Work to complete:
Using the data that follows, return exactly the lines from the one that contains "using CV.span_minimal[OF assms(3)" through the one that contains "M g \<longleftrightarrow>", ends included.

(Stored data)
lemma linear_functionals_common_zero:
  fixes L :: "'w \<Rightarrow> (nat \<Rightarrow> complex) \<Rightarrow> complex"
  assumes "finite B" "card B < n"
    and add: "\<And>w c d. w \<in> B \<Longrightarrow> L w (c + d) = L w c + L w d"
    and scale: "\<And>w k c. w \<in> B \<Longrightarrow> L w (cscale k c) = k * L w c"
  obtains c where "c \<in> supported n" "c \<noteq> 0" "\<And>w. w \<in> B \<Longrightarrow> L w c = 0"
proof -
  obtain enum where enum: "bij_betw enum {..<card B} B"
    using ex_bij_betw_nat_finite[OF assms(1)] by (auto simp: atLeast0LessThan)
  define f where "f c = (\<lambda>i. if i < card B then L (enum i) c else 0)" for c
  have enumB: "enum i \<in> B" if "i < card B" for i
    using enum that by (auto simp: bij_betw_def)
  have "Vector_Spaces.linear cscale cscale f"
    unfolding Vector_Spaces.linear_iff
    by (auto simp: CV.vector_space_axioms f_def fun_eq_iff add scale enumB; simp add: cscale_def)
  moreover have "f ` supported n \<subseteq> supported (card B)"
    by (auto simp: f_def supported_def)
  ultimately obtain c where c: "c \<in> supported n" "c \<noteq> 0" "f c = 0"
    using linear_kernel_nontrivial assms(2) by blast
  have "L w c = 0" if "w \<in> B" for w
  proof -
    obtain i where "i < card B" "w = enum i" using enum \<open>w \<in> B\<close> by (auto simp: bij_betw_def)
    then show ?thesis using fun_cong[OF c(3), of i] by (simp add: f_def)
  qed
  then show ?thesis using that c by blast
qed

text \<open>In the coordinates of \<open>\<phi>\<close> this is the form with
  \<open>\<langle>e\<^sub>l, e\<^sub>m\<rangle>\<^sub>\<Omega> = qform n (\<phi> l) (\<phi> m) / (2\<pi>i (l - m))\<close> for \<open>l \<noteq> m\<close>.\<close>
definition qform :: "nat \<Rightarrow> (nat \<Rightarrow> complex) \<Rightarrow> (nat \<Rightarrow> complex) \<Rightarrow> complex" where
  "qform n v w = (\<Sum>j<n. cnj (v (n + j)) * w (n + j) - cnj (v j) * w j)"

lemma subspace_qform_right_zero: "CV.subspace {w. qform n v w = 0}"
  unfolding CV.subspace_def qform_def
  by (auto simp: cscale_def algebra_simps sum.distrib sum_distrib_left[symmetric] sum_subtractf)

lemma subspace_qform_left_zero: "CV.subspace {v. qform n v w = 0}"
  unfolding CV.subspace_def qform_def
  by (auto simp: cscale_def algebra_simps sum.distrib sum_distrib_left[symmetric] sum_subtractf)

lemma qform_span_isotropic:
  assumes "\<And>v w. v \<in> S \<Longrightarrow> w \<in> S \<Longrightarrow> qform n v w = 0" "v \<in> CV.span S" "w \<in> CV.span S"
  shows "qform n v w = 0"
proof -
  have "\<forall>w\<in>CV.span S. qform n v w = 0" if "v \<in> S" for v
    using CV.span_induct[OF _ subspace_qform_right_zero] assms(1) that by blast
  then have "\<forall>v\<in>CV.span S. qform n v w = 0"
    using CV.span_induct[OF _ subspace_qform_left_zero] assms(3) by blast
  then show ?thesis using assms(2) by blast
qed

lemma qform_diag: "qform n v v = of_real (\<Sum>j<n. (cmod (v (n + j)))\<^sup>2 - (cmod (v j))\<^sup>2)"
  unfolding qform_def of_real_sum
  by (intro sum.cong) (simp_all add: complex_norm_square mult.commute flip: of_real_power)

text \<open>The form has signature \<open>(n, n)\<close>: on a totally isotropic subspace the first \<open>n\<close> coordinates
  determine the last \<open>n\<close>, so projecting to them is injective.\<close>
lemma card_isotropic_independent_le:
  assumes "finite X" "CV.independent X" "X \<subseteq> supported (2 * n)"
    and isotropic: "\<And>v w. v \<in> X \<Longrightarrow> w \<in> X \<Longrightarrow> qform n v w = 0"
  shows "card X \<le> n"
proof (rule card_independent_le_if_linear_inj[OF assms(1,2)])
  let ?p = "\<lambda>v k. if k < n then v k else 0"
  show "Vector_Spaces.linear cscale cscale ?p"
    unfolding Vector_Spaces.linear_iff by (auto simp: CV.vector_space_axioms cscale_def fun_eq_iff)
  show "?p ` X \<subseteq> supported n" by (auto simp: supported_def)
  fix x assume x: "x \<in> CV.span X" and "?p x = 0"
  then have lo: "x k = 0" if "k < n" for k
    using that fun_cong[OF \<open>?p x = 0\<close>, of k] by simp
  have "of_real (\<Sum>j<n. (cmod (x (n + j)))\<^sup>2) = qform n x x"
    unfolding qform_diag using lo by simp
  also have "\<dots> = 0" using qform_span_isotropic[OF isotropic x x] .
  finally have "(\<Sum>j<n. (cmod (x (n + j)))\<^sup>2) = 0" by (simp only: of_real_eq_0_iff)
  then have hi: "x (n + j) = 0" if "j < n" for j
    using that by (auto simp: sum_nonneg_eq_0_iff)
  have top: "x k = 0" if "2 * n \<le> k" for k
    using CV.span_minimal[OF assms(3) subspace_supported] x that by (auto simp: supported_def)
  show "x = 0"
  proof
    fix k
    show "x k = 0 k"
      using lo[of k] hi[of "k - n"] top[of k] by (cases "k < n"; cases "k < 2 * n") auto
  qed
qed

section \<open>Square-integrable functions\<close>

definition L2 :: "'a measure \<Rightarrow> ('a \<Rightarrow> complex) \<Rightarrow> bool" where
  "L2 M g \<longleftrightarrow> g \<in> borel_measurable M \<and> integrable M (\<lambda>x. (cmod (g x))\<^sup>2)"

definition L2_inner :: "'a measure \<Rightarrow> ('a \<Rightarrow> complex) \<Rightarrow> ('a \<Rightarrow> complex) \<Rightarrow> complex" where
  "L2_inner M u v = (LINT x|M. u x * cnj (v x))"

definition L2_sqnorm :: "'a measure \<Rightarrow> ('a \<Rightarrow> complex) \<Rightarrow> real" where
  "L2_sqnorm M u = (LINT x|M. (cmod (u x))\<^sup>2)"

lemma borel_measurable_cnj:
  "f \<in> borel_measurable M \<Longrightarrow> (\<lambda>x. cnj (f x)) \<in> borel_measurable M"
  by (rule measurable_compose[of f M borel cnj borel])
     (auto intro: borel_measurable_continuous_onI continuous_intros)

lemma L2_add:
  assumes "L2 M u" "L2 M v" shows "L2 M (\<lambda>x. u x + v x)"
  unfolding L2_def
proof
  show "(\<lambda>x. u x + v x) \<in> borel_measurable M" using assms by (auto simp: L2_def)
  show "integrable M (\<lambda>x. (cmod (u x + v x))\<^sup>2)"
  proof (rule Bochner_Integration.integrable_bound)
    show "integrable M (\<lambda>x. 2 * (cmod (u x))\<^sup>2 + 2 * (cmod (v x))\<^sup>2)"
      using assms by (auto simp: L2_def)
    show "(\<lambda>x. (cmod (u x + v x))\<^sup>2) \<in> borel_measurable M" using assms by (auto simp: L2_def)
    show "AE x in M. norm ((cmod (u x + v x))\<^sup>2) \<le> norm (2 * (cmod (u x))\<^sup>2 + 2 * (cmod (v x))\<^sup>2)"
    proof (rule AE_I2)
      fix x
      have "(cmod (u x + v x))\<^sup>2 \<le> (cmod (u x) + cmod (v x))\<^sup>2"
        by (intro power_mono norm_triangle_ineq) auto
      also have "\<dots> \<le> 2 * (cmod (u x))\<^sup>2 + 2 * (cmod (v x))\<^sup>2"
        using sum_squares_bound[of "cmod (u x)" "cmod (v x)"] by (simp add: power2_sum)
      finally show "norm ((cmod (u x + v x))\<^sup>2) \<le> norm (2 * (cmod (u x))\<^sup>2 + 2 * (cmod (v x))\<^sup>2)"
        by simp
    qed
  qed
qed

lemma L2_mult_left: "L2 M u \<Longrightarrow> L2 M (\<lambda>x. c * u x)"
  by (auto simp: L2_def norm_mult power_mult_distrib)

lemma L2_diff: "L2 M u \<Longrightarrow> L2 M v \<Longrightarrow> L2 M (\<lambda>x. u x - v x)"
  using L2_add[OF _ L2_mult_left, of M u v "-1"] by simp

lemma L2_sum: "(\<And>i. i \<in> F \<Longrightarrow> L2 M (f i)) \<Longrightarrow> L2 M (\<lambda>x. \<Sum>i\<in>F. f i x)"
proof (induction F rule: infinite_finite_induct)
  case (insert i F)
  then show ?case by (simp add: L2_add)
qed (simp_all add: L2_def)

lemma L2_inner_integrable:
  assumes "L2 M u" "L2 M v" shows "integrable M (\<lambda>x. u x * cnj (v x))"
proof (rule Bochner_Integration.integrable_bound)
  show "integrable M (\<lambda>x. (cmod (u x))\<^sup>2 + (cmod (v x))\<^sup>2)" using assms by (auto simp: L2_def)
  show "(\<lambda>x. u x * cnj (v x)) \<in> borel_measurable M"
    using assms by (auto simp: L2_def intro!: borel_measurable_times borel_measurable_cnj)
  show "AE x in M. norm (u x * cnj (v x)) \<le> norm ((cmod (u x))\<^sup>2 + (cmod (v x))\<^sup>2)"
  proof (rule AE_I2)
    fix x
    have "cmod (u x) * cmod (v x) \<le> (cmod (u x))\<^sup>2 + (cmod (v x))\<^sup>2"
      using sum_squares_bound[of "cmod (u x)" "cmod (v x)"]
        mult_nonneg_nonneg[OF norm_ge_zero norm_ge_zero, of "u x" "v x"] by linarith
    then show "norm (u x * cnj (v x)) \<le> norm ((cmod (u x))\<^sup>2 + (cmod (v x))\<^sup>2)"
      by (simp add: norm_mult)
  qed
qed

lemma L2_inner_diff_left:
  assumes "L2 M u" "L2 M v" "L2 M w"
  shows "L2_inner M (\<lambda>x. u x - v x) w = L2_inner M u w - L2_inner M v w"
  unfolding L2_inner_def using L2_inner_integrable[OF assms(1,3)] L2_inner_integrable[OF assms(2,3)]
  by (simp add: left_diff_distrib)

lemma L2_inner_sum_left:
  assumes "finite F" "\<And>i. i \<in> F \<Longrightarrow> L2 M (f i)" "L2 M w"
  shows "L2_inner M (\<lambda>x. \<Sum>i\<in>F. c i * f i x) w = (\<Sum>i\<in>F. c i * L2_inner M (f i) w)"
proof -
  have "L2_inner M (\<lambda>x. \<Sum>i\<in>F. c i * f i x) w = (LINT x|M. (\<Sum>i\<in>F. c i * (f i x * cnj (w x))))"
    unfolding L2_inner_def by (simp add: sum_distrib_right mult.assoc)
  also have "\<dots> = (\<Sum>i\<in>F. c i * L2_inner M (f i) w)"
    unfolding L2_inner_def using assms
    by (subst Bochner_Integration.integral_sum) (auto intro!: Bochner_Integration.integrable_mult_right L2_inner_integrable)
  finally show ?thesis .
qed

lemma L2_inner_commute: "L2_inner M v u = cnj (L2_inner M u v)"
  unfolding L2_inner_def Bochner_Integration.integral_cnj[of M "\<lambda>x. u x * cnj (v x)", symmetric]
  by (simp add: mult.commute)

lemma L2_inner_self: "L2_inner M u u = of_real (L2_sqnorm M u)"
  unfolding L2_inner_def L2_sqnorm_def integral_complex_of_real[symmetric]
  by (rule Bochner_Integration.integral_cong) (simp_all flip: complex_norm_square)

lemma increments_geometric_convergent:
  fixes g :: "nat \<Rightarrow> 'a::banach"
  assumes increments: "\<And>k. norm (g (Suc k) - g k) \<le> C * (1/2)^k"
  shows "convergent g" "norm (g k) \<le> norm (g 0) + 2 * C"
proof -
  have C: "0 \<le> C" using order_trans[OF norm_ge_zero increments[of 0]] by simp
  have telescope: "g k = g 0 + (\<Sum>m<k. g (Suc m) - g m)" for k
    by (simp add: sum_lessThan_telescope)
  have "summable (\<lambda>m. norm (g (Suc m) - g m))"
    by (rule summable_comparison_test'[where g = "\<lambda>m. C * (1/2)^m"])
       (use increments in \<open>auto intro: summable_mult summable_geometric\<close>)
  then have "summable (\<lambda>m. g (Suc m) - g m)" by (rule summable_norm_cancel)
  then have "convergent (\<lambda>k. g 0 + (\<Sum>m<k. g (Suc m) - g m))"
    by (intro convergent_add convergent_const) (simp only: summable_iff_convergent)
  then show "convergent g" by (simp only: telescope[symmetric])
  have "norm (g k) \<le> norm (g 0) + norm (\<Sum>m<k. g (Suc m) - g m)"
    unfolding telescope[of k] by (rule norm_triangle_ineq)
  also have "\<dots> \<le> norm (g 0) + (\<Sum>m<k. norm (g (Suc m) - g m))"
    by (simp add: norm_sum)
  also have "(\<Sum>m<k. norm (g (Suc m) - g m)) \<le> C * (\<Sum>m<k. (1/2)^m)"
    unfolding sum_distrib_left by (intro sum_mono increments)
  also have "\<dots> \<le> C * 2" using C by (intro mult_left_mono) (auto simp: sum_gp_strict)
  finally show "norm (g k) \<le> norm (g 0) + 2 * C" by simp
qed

Solution:
    using CV.span_minimal[OF assms(3) subspace_supported] x that by (auto simp: supported_def)
  show "x = 0"
  proof
    fix k
    show "x k = 0 k"
      using lo[of k] hi[of "k - n"] top[of k] by (cases "k < n"; cases "k < 2 * n") auto
  qed
qed

section \<open>Square-integrable functions\<close>

definition L2 :: "'a measure \<Rightarrow> ('a \<Rightarrow> complex) \<Rightarrow> bool" where
  "L2 M g \<longleftrightarrow> g \<in> borel_measurable M \<and> integrable M (\<lambda>x. (cmod (g x))\<^sup>2)"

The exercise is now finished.